That week brought me many poems, and a bone-deep sense of restoration; which was just as well, as about a month after that I was suddenly really quite ill (that's why I say 'prescient'). That's all too boring to go into, except to say that it was (still is, a bit, if I do too much), a heart issue – yes physical heart but yes what a great symbol – symptom as symbol – of a failure to look after my over-committed, over-caring, over-responsible worn-out heart and its needs. (From a holistic perspective it is always, always, worth looking at illness as metaphor, as symbol – its type and location may give us insight into more subtle needs and protests.) Seven years of intense and very serious family illness, on top of thirty years of ignoring my body's needs, coupled with my own expectations of myself to step in, put my needs last, sort out what needed sorting out, drive two hundred miles at the end of a working day to visit a sick relative first in hospital and then back at home but vulnerable – Ms Superwoman thought she could do it all.
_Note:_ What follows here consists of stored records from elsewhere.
text \<open>The maps \<phi> k of the pseudo-polynomial representation serve as the maps of the
  median decomposition; the affine normal form of p yields the median identity.\<close>
lemma pseudo_polynomial_imp_decomposable:
  fixes f :: "(nat \<Rightarrow> 'x) \<Rightarrow> 'y::{distrib_lattice, bounded_lattice}"
  assumes corners: "\<forall>k\<in>{1..n}. z k \<in> X k \<and> u k \<in> X k"
    and "pseudo_polynomial n X z u f"
  shows "pseudo_median_decomposable n X z u f"
proof -
  obtain p \<phi> where poly: "polynomial_function n p"
    and bc: "\<forall>k\<in>{1..n}. boundary_cond (X k) (z k) (u k) (\<phi> k)"
    and f_eq: "\<forall>x\<in>PiE {1..n} X. f x = p (\<lambda>i. \<phi> i (x i))"
    using assms(2) unfolding pseudo_polynomial_def by blast
  have "f x = med (f (x(k := z k))) (\<phi> k (x k)) (f (x(k := u k)))"
    if k: "k \<in> {1..n}" and x: "x \<in> PiE {1..n} X" for k x
  proof -
    define y where "y = (\<lambda>i. \<phi> i (x i))"
    have "f (x(k := a)) = p (y(k := \<phi> k a))" if "a \<in> X k" for a
    proof -
      have "(\<lambda>i. \<phi> i ((x(k := a)) i)) = y(k := \<phi> k a)" by (simp add: y_def fun_eq_iff)
      then show ?thesis using f_eq fun_upd_in_PiE[OF x k that] by simp
    qed
    moreover have "x(k := x k) = x" by simp
    moreover have "\<phi> k (z k) \<le> \<phi> k (x k)" "\<phi> k (x k) \<le> \<phi> k (u k)"
      using bc k PiE_mem[OF x k] unfolding boundary_cond_def by auto
    ultimately show ?thesis
      using corners k x polynomial_function_affine[OF poly, of y k]
        med_affine[of "p (y(k := bot))" "p (y(k := top))" "\<phi> k (z k)" "\<phi> k (x k)" "\<phi> k (u k)"]
      by (metis PiE_mem)
  qed
  then show ?thesis
    using bc unfolding pseudo_median_decomposable_def by blast
qed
How can we be any use to others if we cannot even look after ourselves?

So I look back over the last year, and see how far I've come. I'm much quieter. I'm letting myself be the introverted recluse that I have always been, and denied. I'm more sober. I've learned to stop – though even as a meditator of 40 years I find it near-impossible to stop the torrent of thoughts, though at least I'm aware of them and their seductions. 
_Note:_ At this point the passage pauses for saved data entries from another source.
lemma emeasure_haar_compact_open_subgroup:
  assumes "compact U" "open U" "add_subgroup U"
  shows "emeasure \<mu> U = ennreal (measure \<mu> U)" and "measure \<mu> U > 0"
proof -
  have "emeasure \<mu> U \<noteq> top" using emeasure_haar_compact_finite[OF assms(1)] by (simp add: less_top)
  then show eq: "emeasure \<mu> U = ennreal (measure \<mu> U)" by (rule emeasure_eq_ennreal_measure)
  show "measure \<mu> U > 0"
    using emeasure_haar_open_subgroup_nonzero[OF assms(3,2)] eq
    by (metis ennreal_0 measure_nonneg order_le_less)
qed

lemma measure_haar_compact_open_subgroups_ratio_rational:
  assumes U: "compact U" "open U" "add_subgroup U"
    and U': "compact U'" "open U'" "add_subgroup U'"
  shows "measure \<mu> U' / measure \<mu> U \<in> \<rat>"
proof -
  define W where "W = U \<inter> U'"
  have W: "add_subgroup W" "open W"
    using U U' by (simp_all add: W_def add_subgroup_Int open_Int)
  have index: "measure \<mu> L = real (card ((\<lambda>g. (+) g ` W) ` L)) * measure \<mu> W"
    if "add_subgroup L" "compact L" "W \<subseteq> L" for L
    using emeasure_haar_eq_index_mult[OF W that]
    by (simp add: measure_def enn2real_mult enn2real_of_nat)
  have "measure \<mu> U = real (card ((\<lambda>g. (+) g ` W) ` U)) * measure \<mu> W"
    and "measure \<mu> U' = real (card ((\<lambda>g. (+) g ` W) ` U')) * measure \<mu> W"
    using index U U' by (auto simp: W_def)
  then show ?thesis
    by (cases "measure \<mu> W = 0") (simp_all add: Rats_divide)
qed

end

lemma INF_mult_right_ennreal:
  fixes c :: ennreal
  assumes "c \<noteq> 0" "c \<noteq> \<infinity>"
  shows "(INF i\<in>I. f i) * c = (INF i\<in>I. f i * c)"
proof (rule antisym)
  show "(INF i\<in>I. f i) * c \<le> (INF i\<in>I. f i * c)"
    by (intro INF_greatest mult_right_mono INF_lower) auto
  have "(INF i\<in>I. f i * c) / c \<le> (INF i\<in>I. f i)"
  proof (rule INF_greatest)
    fix i assume "i \<in> I"
    then have "(INF i\<in>I. f i * c) / c \<le> (f i * c) / c" by (intro divide_right_mono_ennreal INF_lower)
    also have "\<dots> = f i" using assms by (simp add: mult_divide_eq_ennreal)
    finally show "(INF i\<in>I. f i * c) / c \<le> f i" .
  qed
  then have "((INF i\<in>I. f i * c) / c) * c \<le> (INF i\<in>I. f i) * c" by (rule mult_right_mono) simp
  moreover have "((INF i\<in>I. f i * c) / c) * c = (INF i\<in>I. f i * c)"
    using assms by (simp add: ennreal_divide_times ennreal_times_divide mult_divide_eq_ennreal)
  ultimately show "(INF i\<in>I. f i * c) \<le> (INF i\<in>I. f i) * c" by simp
qed

lemma compact_finite_borel_partition_add_translates:
  fixes U :: "'a::topological_group_add set"
  assumes U: "compact U" "U \<in> sets borel" and N: "open N" "0 \<in> N"
  obtains P :: "nat \<Rightarrow> 'a set" and m :: nat and x :: "nat \<Rightarrow> 'a"
  where "\<And>i. P i \<in> sets borel" "disjoint_family_on P {..<m}" "(\<Union>i<m. P i) = U"
    "\<And>i. P i \<subseteq> (+) (x i) ` N"
proof -
  have "U \<subseteq> (\<Union>u\<in>U. (+) u ` N)"
    using N(2) by (force intro: image_eqI[of _ _ 0])
  then obtain F where F: "F \<subseteq> U" "finite F" "U \<subseteq> (\<Union>u\<in>F. (+) u ` N)"
    using compactE_image[OF U(1), of U "\<lambda>u. (+) u ` N"] open_add_left_image[OF N(1)] by metis
  obtain m x where F_eq: "F = x ` {i. i < (m::nat)}"
    using finite_imp_nat_seg_image_inj_on[OF F(2)] by blast
  define A where "A i = (if i < m then U \<inter> (+) (x i) ` N else {})" for i
  have "range A \<subseteq> sets borel"
    using open_add_left_image[OF N(1)] U(2) by (auto simp: A_def)
  then have "disjointed A i \<in> sets borel" for i
    using sets.range_disjointed_sets by blast
  moreover have "disjoint_family_on (disjointed A) {..<m}"
    by (rule disjoint_family_on_mono[OF subset_UNIV disjoint_family_disjointed])
  moreover have "(\<Union>i<m. A i) = U"
  proof
    show "(\<Union>i<m. A i) \<subseteq> U" by (auto simp: A_def)
    show "U \<subseteq> (\<Union>i<m. A i)"
    proof
      fix u assume "u \<in> U"
      then obtain i where "i < m" "u \<in> (+) (x i) ` N" using F(3) unfolding F_eq by blast
      then show "u \<in> (\<Union>i<m. A i)" using \<open>u \<in> U\<close> by (auto simp: A_def)
    qed
  qed
  then have "(\<Union>i<m. disjointed A i) = U"
    using finite_UN_disjointed_eq[of A m] by (simp add: atLeast0LessThan)
  moreover have "disjointed A i \<subseteq> (+) (x i) ` N" for i
    using disjointed_subset[of A i] by (auto simp: A_def split: if_splits)
  ultimately show ?thesis by (rule that)
qed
And I no longer believe I can and should do everything for anyone who asks or who seems to need it. (That's an important lesson, especially for women. In the myth of Psyche and Eros, one of the very last tasks that Psyche is set on her journey to love [wholeness, in effect], is to carry on with her own journey despite the many hands clawing at her for help. She's warned that she won't be able to come back from the Underworld if she doesn't focus on her task here, which is a single-pointed commitment to her own journey. Many of us, including in my experience very many women, find this almost impossible.) 

This year, I've had to learn to say NO, and sometimes to say it loudly: to others, to myself. It's about saving my soul, saving my heart – and letting go of the childhood Catholic in me who thinks that to be true and good means putting my own needs last instead of first, or the misguided Buddhist who basically thinks it's ego calling the shots if I sometimes turn away another in favour of my own wellbeing (of course I have known the false assumptions behind these two states of mind for decades – intellectually. Letting myself challenge them from a sense of their emotional weight of misinterpretation is a different matter.)
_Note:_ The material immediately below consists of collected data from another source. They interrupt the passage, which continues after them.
lemma linear_ode_integrating_factor:
  fixes v A a :: "real \<Rightarrow> real"
  assumes "convex S"
    and v': "\<And>t. t \<in> S \<Longrightarrow> (v has_real_derivative - a t * v t) (at t within S)"
    and A': "\<And>t. t \<in> S \<Longrightarrow> (A has_real_derivative a t) (at t within S)"
    and "x \<in> S" "z \<in> S"
  shows "v x * exp (A x) = v z * exp (A z)"
proof (rule has_real_derivative_zero_imp_eq[OF assms(1) _ assms(4,5)])
  fix t assume "t \<in> S"
  show "((\<lambda>t. v t * exp (A t)) has_real_derivative 0) (at t within S)"
    by (rule derivative_eq_intros v'[OF \<open>t \<in> S\<close>] A'[OF \<open>t \<in> S\<close>] | simp)+
qed

corollary linear_ode_vanishes:
  fixes v A a :: "real \<Rightarrow> real"
  assumes "convex S"
    and "\<And>t. t \<in> S \<Longrightarrow> (v has_real_derivative - a t * v t) (at t within S)"
    and "\<And>t. t \<in> S \<Longrightarrow> (A has_real_derivative a t) (at t within S)"
    and "z \<in> S" "v z = 0" "x \<in> S"
  shows "v x = 0"
  using linear_ode_integrating_factor[OF assms(1-3,6,4)] assms(5) by simp

locale bvp_solution =
  fixes n :: nat and d :: "nat \<Rightarrow> nat" and p2 lam :: real
    and y y1 y2 :: "nat \<Rightarrow> real \<Rightarrow> real"
  assumes C2: "\<And>i. i < n \<Longrightarrow> C2_on01 (y i) (y1 i) (y2 i)"
    and ode: "\<And>i r. i < n \<Longrightarrow> r \<in> {0..1} \<Longrightarrow>
      - p2 * y1 i r * (\<Sum>k<n. real (d k) * y1 k r) - y2 i r = p2 * lam"
    and y_at_0: "\<And>i. i < n \<Longrightarrow> y i 0 = 0"
    and y_at_1: "\<And>i. i < n \<Longrightarrow> y i 1 = 0"
begin

lemma y_deriv: "i < n \<Longrightarrow> r \<in> {0..1} \<Longrightarrow> (y i has_real_derivative y1 i r) (at r within {0..1})"
  using C2 unfolding C2_on01_def by blast

lemma y1_deriv: "i < n \<Longrightarrow> r \<in> {0..1} \<Longrightarrow> (y1 i has_real_derivative y2 i r) (at r within {0..1})"
  using C2 unfolding C2_on01_def by blast

lemma y1_const_eq_0:
  assumes "i < n" "\<And>t. t \<in> {0..1} \<Longrightarrow> y1 i t = c"
  shows "c = 0"
proof -
  have "y i 1 = y i 0 + c * (1 - 0)"
    by (rule has_real_derivative_const_imp_affine) (use y_deriv assms in auto)
  then show ?thesis using y_at_0 y_at_1 assms(1) by simp
qed

lemma y_eq_0_if_y1_eq_0:
  assumes "i < n" "\<And>t. t \<in> {0..1} \<Longrightarrow> y1 i t = 0" "r \<in> {0..1}"
  shows "y i r = 0"
proof -
  have "y i r = y i 0 + 0 * (r - 0)"
    by (rule has_real_derivative_const_imp_affine) (use y_deriv[OF assms(1)] assms(2,3) in force)+
  then show ?thesis using y_at_0 assms(1) by simp
qed

lemma y1_eq_0_if_p2_eq_0:
  assumes "p2 = 0" "i < n" "r \<in> {0..1}"
  shows "y1 i r = 0"
proof -
  have y1_const: "y1 i t = y1 i 0" if "t \<in> {0..1}" for t
  proof (rule has_real_derivative_zero_imp_eq[of "{0..1}" "y1 i"])
    fix s :: real assume "s \<in> {0..1}"
    then show "(y1 i has_real_derivative 0) (at s within {0..1})"
      using y1_deriv[OF assms(2)] ode[OF assms(2)] assms(1) by force
  qed (use that in auto)
  have "y1 i 0 = 0" by (rule y1_const_eq_0[OF assms(2) y1_const])
  then show ?thesis using y1_const[OF assms(3)] by simp
qed

definition weighted_y :: "real \<Rightarrow> real" where
  "weighted_y r = (\<Sum>k<n. real (d k) * y k r)"

definition weighted_y1 :: "real \<Rightarrow> real" where
  "weighted_y1 r = (\<Sum>k<n. real (d k) * y1 k r)"

lemma weighted_y_deriv:
  "r \<in> {0..1} \<Longrightarrow> (weighted_y has_real_derivative weighted_y1 r) (at r within {0..1})"
  unfolding weighted_y_def weighted_y1_def
  by (intro DERIV_sum DERIV_cmult y_deriv) auto

lemma y1_eq:
  assumes "i < n" "j < n" "r \<in> {0..1}"
  shows "y1 i r = y1 j r"
proof -
  have "\<exists>z\<in>{0<..<1}. y1 i z - y1 j z = 0"
    by (rule Rolle_within_Icc[of 0 1 "\<lambda>t. y i t - y j t"])
       (use assms y_at_0 y_at_1 in \<open>auto intro!: DERIV_diff y_deriv\<close>)
  then obtain z where "z \<in> {0<..<1}" "y1 i z - y1 j z = 0" by blast
  then have z: "z \<in> {0..1}" "y1 i z - y1 j z = 0" by auto
  have "(\<lambda>t. y1 i t - y1 j t) r = 0"
  proof (rule linear_ode_vanishes[of "{0..1}" "\<lambda>t. y1 i t - y1 j t" "\<lambda>t. p2 * weighted_y1 t"
        "\<lambda>t. p2 * weighted_y t", OF _ _ _ z])
    fix t :: real assume t: "t \<in> {0..1}"
    have "y2 i t - y2 j t = - (p2 * weighted_y1 t) * (y1 i t - y1 j t)"
      using ode[OF assms(1) t] ode[OF assms(2) t] unfolding weighted_y1_def by algebra
    then show "((\<lambda>t. y1 i t - y1 j t) has_real_derivative
        - (p2 * weighted_y1 t) * (y1 i t - y1 j t)) (at t within {0..1})"
      using DERIV_diff[OF y1_deriv[OF assms(1) t] y1_deriv[OF assms(2) t]] by simp
    show "((\<lambda>t. p2 * weighted_y t) has_real_derivative p2 * weighted_y1 t) (at t within {0..1})"
      by (intro DERIV_cmult weighted_y_deriv t)
  qed (use assms(3) in auto)
  then show ?thesis by simp
qed

lemma weighted_y1_eq:
  assumes "r \<in> {0..1}"
  shows "weighted_y1 r = real (\<Sum>k<n. d k) * y1 0 r"
proof -
  have "weighted_y1 r = (\<Sum>k<n. real (d k) * y1 0 r)"
    unfolding weighted_y1_def
  proof (intro sum.cong refl)
    fix k assume "k \<in> {..<n}"
    then have "y1 k r = y1 0 r" using assms by (intro y1_eq) auto
    then show "real (d k) * y1 k r = real (d k) * y1 0 r" by simp
  qed
  then show ?thesis unfolding of_nat_sum sum_distrib_right .
qed

context
  assumes total_weight: "(\<Sum>i<n. d i) \<noteq> 1"
    and y1_at_0: "(\<Sum>i<n. real (d i) *
        (- y1 i 0 * (\<Sum>k<n. real (d k) * y1 k 0) + (y1 i 0)\<^sup>2)) = (real (\<Sum>i<n. d i) - 1) * lam"
begin

lemma lam_eq: "lam = - real (\<Sum>i<n. d i) * (y1 0 0)\<^sup>2"
proof -
  define D where "D = real (\<Sum>i<n. d i)"
  define u0 where "u0 = y1 0 0"
  have "(D - 1) * lam = (\<Sum>i<n. real (d i) * (- y1 i 0 * weighted_y1 0 + (y1 i 0)\<^sup>2))"
    using y1_at_0 unfolding weighted_y1_def D_def by simp
  also have "\<dots> = (\<Sum>i<n. real (d i) * (- u0 * (D * u0) + u0\<^sup>2))"
  proof (intro sum.cong refl)
    fix i assume "i \<in> {..<n}"
    then have "y1 i 0 = u0" unfolding u0_def by (intro y1_eq) auto
    then show "real (d i) * (- y1 i 0 * weighted_y1 0 + (y1 i 0)\<^sup>2)
        = real (d i) * (- u0 * (D * u0) + u0\<^sup>2)"
      using weighted_y1_eq[of 0, folded u0_def D_def] by simp
  qed
  also have "\<dots> = D * (- u0 * (D * u0) + u0\<^sup>2)"
    unfolding D_def of_nat_sum sum_distrib_right ..
  finally have "(D - 1) * (lam + D * u0\<^sup>2) = 0" by algebra
  moreover have "D \<noteq> 1" using total_weight unfolding D_def by linarith
  ultimately show ?thesis unfolding D_def u0_def by simp
qed

lemma y1_eq_0_if_coupled:
  assumes "i < n" "r \<in> {0..1}"
  shows "y1 i r = 0"
proof -
  define D where "D = real (\<Sum>i<n. d i)"
  define u0 where "u0 = y1 0 0"
  have n: "0 < n" using assms(1) by simp
  \<comment> \<open>Since \<open>\<lambda> = -D u0\<^sup>2\<close>, \<open>u = y1 0\<close> solves \<open>u' = -p2 D (u + u0) (u - u0)\<close>.\<close>
  have lam: "lam = - D * u0\<^sup>2" using lam_eq unfolding D_def u0_def .
  have u_const: "(\<lambda>t. y1 0 t - u0) t = 0" if "t \<in> {0..1}" for t
  proof (rule linear_ode_vanishes[of "{0..1}" "\<lambda>t. y1 0 t - u0" "\<lambda>t. p2 * D * (y1 0 t + u0)"
        "\<lambda>t. p2 * D * (y 0 t + u0 * t)" 0, OF _ _ _ _ _ that])
    fix t :: real assume t: "t \<in> {0..1}"
    have "(\<Sum>k<n. real (d k) * y1 k t) = D * y1 0 t"
      using weighted_y1_eq[OF t] unfolding weighted_y1_def D_def .
    then have "- p2 * y1 0 t * (D * y1 0 t) - y2 0 t = p2 * (- D * u0\<^sup>2)"
      using ode[OF n t] unfolding lam by simp
    then have "y2 0 t = - (p2 * D * (y1 0 t + u0)) * (y1 0 t - u0)" by algebra
    then show "((\<lambda>t. y1 0 t - u0) has_real_derivative
        - (p2 * D * (y1 0 t + u0)) * (y1 0 t - u0)) (at t within {0..1})"
      using DERIV_diff[OF y1_deriv[OF n t] DERIV_const] by simp
    show "((\<lambda>t. p2 * D * (y 0 t + u0 * t)) has_real_derivative p2 * D * (y1 0 t + u0))
        (at t within {0..1})"
      using DERIV_cmult[OF DERIV_add[OF y_deriv[OF n t] DERIV_cmult[OF DERIV_ident]], of "p2 * D" u0]
      by simp
  qed (auto simp: u0_def)
  have "u0 = 0"
    by (rule y1_const_eq_0[OF n]) (use u_const in simp)
  then show ?thesis using u_const[OF assms(2)] y1_eq[OF assms(1) n assms(2)] by simp
qed

end

lemma lam_eq_0_and_y_eq_0:
  assumes "p2 = 0 \<or> p1 = 1" "(\<Sum>i<n. d i) \<ge> 2"
    and y1_at_0: "p1 * (\<Sum>i<n. real (d i) *
        (- y1 i 0 * (\<Sum>k<n. real (d k) * y1 k 0) + (y1 i 0)\<^sup>2)) = (real (\<Sum>i<n. d i) - 1) * lam"
  shows "lam = 0 \<and> (\<forall>i<n. \<forall>r\<in>{0..1}. y i r = 0)"
proof -
  have y1_0: "y1 i r = 0" if "i < n" "r \<in> {0..1}" for i r
    using assms(1)
  proof
    assume "p2 = 0"
    then show ?thesis by (rule y1_eq_0_if_p2_eq_0[OF _ that])
  next
    assume "p1 = 1"
    have "(\<Sum>i<n. d i) \<noteq> 1" using assms(2) by linarith
    then show ?thesis by (rule y1_eq_0_if_coupled[OF _ _ that]) (use y1_at_0 \<open>p1 = 1\<close> in simp)
  qed
  then have "(real (\<Sum>i<n. d i) - 1) * lam = 0" using y1_at_0 by simp
  moreover have "real (\<Sum>i<n. d i) \<ge> 2" using assms(2) by linarith
  ultimately have "lam = 0" by simp
  moreover have "y i r = 0" if "i < n" "r \<in> {0..1}" for i r
    by (rule y_eq_0_if_y1_eq_0[OF that(1) y1_0[OF that(1)] that(2)])
  ultimately show ?thesis by blast
qed

end

lemma is_solution_if_vanishing:
  assumes "\<forall>i<n. \<forall>r\<in>{0..1}. y i r = 0"
  shows "is_solution n d p1 p2 0 y"
proof -
  have "C2_on01 (y i) (\<lambda>r. 0) (\<lambda>r. 0)" if "i < n" for i
    unfolding C2_on01_def
  proof (intro conjI ballI)
    fix r :: real assume r: "r \<in> {0..1}"
    show "(y i has_real_derivative 0) (at r within {0..1})"
      by (rule has_field_derivative_transform_within[where f="\<lambda>_. 0" and d=1])
         (use assms that r in auto)
  qed auto
  then show ?thesis
    unfolding is_solution_def using assms
    by (intro exI[of _ "\<lambda>i r. 0"]) auto
qed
This year, I've learned how very good it can feel to take what feels like a ridiculously indulgent hour 'when I should be working', up in a hammock slung between an ash and an oak.

This year, too, I've learned how to accept the generosity of others without feeling I have to earn it, deserve it, or pay it back in full. I've been able to let myself lie on the sofa now and then in the daytime with a book – unthinkable before this year. Doing (almost) nothing! 

I have survived financially (and maybe even physically, given the warning signs), during a year when I've had to cut my work, only courtesy of the kindest most generous friend, and also with the emotional support of TM; I've been able to have acupuncture, which has really started to make a big difference to my health, courtesy of another dear friend. And I was given a grant to explore my dreams, creativity and the life of my psyche and its promptings – psyche always knows what we need, if we're willing to listen carefully – with a Jungian analyst. 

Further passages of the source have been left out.